■ **Data excerpts**
■ ■ ■ ■ ■

text \<open>Weighted graph on the vertex type 'v (V = UNIV). adj is the edge relation,
  w the edge weight, m the vertex weight.\<close>
definition weighted_graph ::
  "('v \<Rightarrow> 'v \<Rightarrow> bool) \<Rightarrow> ('v \<Rightarrow> 'v \<Rightarrow> real) \<Rightarrow> ('v \<Rightarrow> real) \<Rightarrow> bool" where
  "weighted_graph adj w m \<longleftrightarrow>
     (\<forall>x. \<not> adj x x) \<and>
     (\<forall>x y. adj x y \<longrightarrow> adj y x) \<and>
     (\<forall>x. finite {y. adj x y}) \<and>
     (\<forall>x y. adj\<^sup>*\<^sup>* x y) \<and>
     (\<forall>x y. adj x y \<longrightarrow> w x y = w y x \<and> w x y > 0) \<and>
     (\<forall>x. m x > 0)"

definition vol :: "('v \<Rightarrow> real) \<Rightarrow> 'v set \<Rightarrow> real" where
  "vol m A = (\<Sum>x\<in>A. m x)"

definition laplacian ::
  "('v \<Rightarrow> 'v \<Rightarrow> bool) \<Rightarrow> ('v \<Rightarrow> 'v \<Rightarrow> real) \<Rightarrow> ('v \<Rightarrow> real) \<Rightarrow> ('v \<Rightarrow> real) \<Rightarrow> 'v \<Rightarrow> real" where
  "laplacian adj w m f x = (\<Sum>y\<in>{y. adj x y}. w x y / m x * (f y - f x))"

definition pseudometric :: "('v \<Rightarrow> 'v \<Rightarrow> real) \<Rightarrow> bool" where
  "pseudometric \<rho> \<longleftrightarrow>
     (\<forall>x y. \<rho> x y \<ge> 0) \<and> (\<forall>x. \<rho> x x = 0) \<and> (\<forall>x y. \<rho> x y = \<rho> y x) \<and>
     (\<forall>x y z. \<rho> x z \<le> \<rho> x y + \<rho> y z)"
lemma typing_Proj1_Lam:
  assumes "\<Gamma> \<turnstile> Proj1 (Lam t) : D"
  shows "\<Gamma> \<turnstile> Lam (Proj1 t) : D"
proof -
  obtain C1 C2 where L: "\<Gamma> \<turnstile> Lam t : C1 \<and>\<^sub>t C2" and "C1 \<equiv>\<^sub>t D"
    using assms by (rule Proj1_typingE)
  obtain A B where t: "shift \<Gamma> A \<turnstile> t : B" and "A \<Rightarrow>\<^sub>t B \<equiv>\<^sub>t C1 \<and>\<^sub>t C2"
    using L by (rule Lam_typingE)
  from this(2) obtain B1 B2 where "B \<equiv>\<^sub>t B1 \<and>\<^sub>t B2" "A \<Rightarrow>\<^sub>t B1 \<equiv>\<^sub>t C1" "A \<Rightarrow>\<^sub>t B2 \<equiv>\<^sub>t C2"
    by (rule Fun_equiv_ConjE)
  with t have "\<Gamma> \<turnstile> Lam (Proj1 t) : A \<Rightarrow>\<^sub>t B1"
    by (meson typing.abs typing.equiv typing.proj1)
  then show ?thesis using \<open>A \<Rightarrow>\<^sub>t B1 \<equiv>\<^sub>t C1\<close> \<open>C1 \<equiv>\<^sub>t D\<close> by (meson typing.equiv ty_equiv.trans)
qed

lemma typing_Proj2_Lam:
  assumes "\<Gamma> \<turnstile> Proj2 (Lam t) : D"
  shows "\<Gamma> \<turnstile> Lam (Proj2 t) : D"
proof -
  obtain C1 C2 where L: "\<Gamma> \<turnstile> Lam t : C1 \<and>\<^sub>t C2" and "C2 \<equiv>\<^sub>t D"
    using assms by (rule Proj2_typingE)
  obtain A B where t: "shift \<Gamma> A \<turnstile> t : B" and "A \<Rightarrow>\<^sub>t B \<equiv>\<^sub>t C1 \<and>\<^sub>t C2"
    using L by (rule Lam_typingE)
  from this(2) obtain B1 B2 where "B \<equiv>\<^sub>t B1 \<and>\<^sub>t B2" "A \<Rightarrow>\<^sub>t B1 \<equiv>\<^sub>t C1" "A \<Rightarrow>\<^sub>t B2 \<equiv>\<^sub>t C2"
    by (rule Fun_equiv_ConjE)
  with t have "\<Gamma> \<turnstile> Lam (Proj2 t) : A \<Rightarrow>\<^sub>t B2"
    by (meson typing.abs typing.equiv typing.proj2)
  then show ?thesis using \<open>A \<Rightarrow>\<^sub>t B2 \<equiv>\<^sub>t C2\<close> \<open>C2 \<equiv>\<^sub>t D\<close> by (meson typing.equiv ty_equiv.trans)
qed

theorem theorem3:
  assumes "\<Gamma> \<turnstile> t : A" and "t \<rightarrow>\<^sub>d s"
  shows "\<Gamma> \<turnstile> s : A"
  using assms(2,1)
proof (induction arbitrary: \<Gamma> A rule: dist.induct)
  case beta then show ?case by (rule typing_App_Lam)
next
  case pi1 then show ?case by (rule typing_Proj1_Pair)
next
  case pi2 then show ?case by (rule typing_Proj2_Pair)
next
  case appd then show ?case by (rule typing_App_Pair)
next
  case pi1l then show ?case by (rule typing_Proj1_Lam)
next
  case pi2l then show ?case by (rule typing_Proj2_Lam)
next
  case lam then show ?case by (meson Lam_typingE typing.abs typing.equiv)
next
  case appL then show ?case by (meson App_typingE typing.app typing.equiv)
next
  case appR then show ?case by (meson App_typingE typing.app typing.equiv)
next
  case pairL then show ?case by (meson Pair_typingE typing.pair typing.equiv)
next
  case pairR then show ?case by (meson Pair_typingE typing.pair typing.equiv)
next
  case proj1 then show ?case by (meson Proj1_typingE typing.proj1 typing.equiv)
next
  case proj2 then show ?case by (meson Proj2_typingE typing.proj2 typing.equiv)
qed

■ ■ ■ ■ ■

■ **Exercise directions**
Return each line from the entries above that includes "assumes".

■ **Your response**
  assumes "\<Gamma> \<turnstile> Proj1 (Lam t) : D"
  assumes "\<Gamma> \<turnstile> Proj2 (Lam t) : D"
  assumes "\<Gamma> \<turnstile> t : A" and "t \<rightarrow>\<^sub>d s"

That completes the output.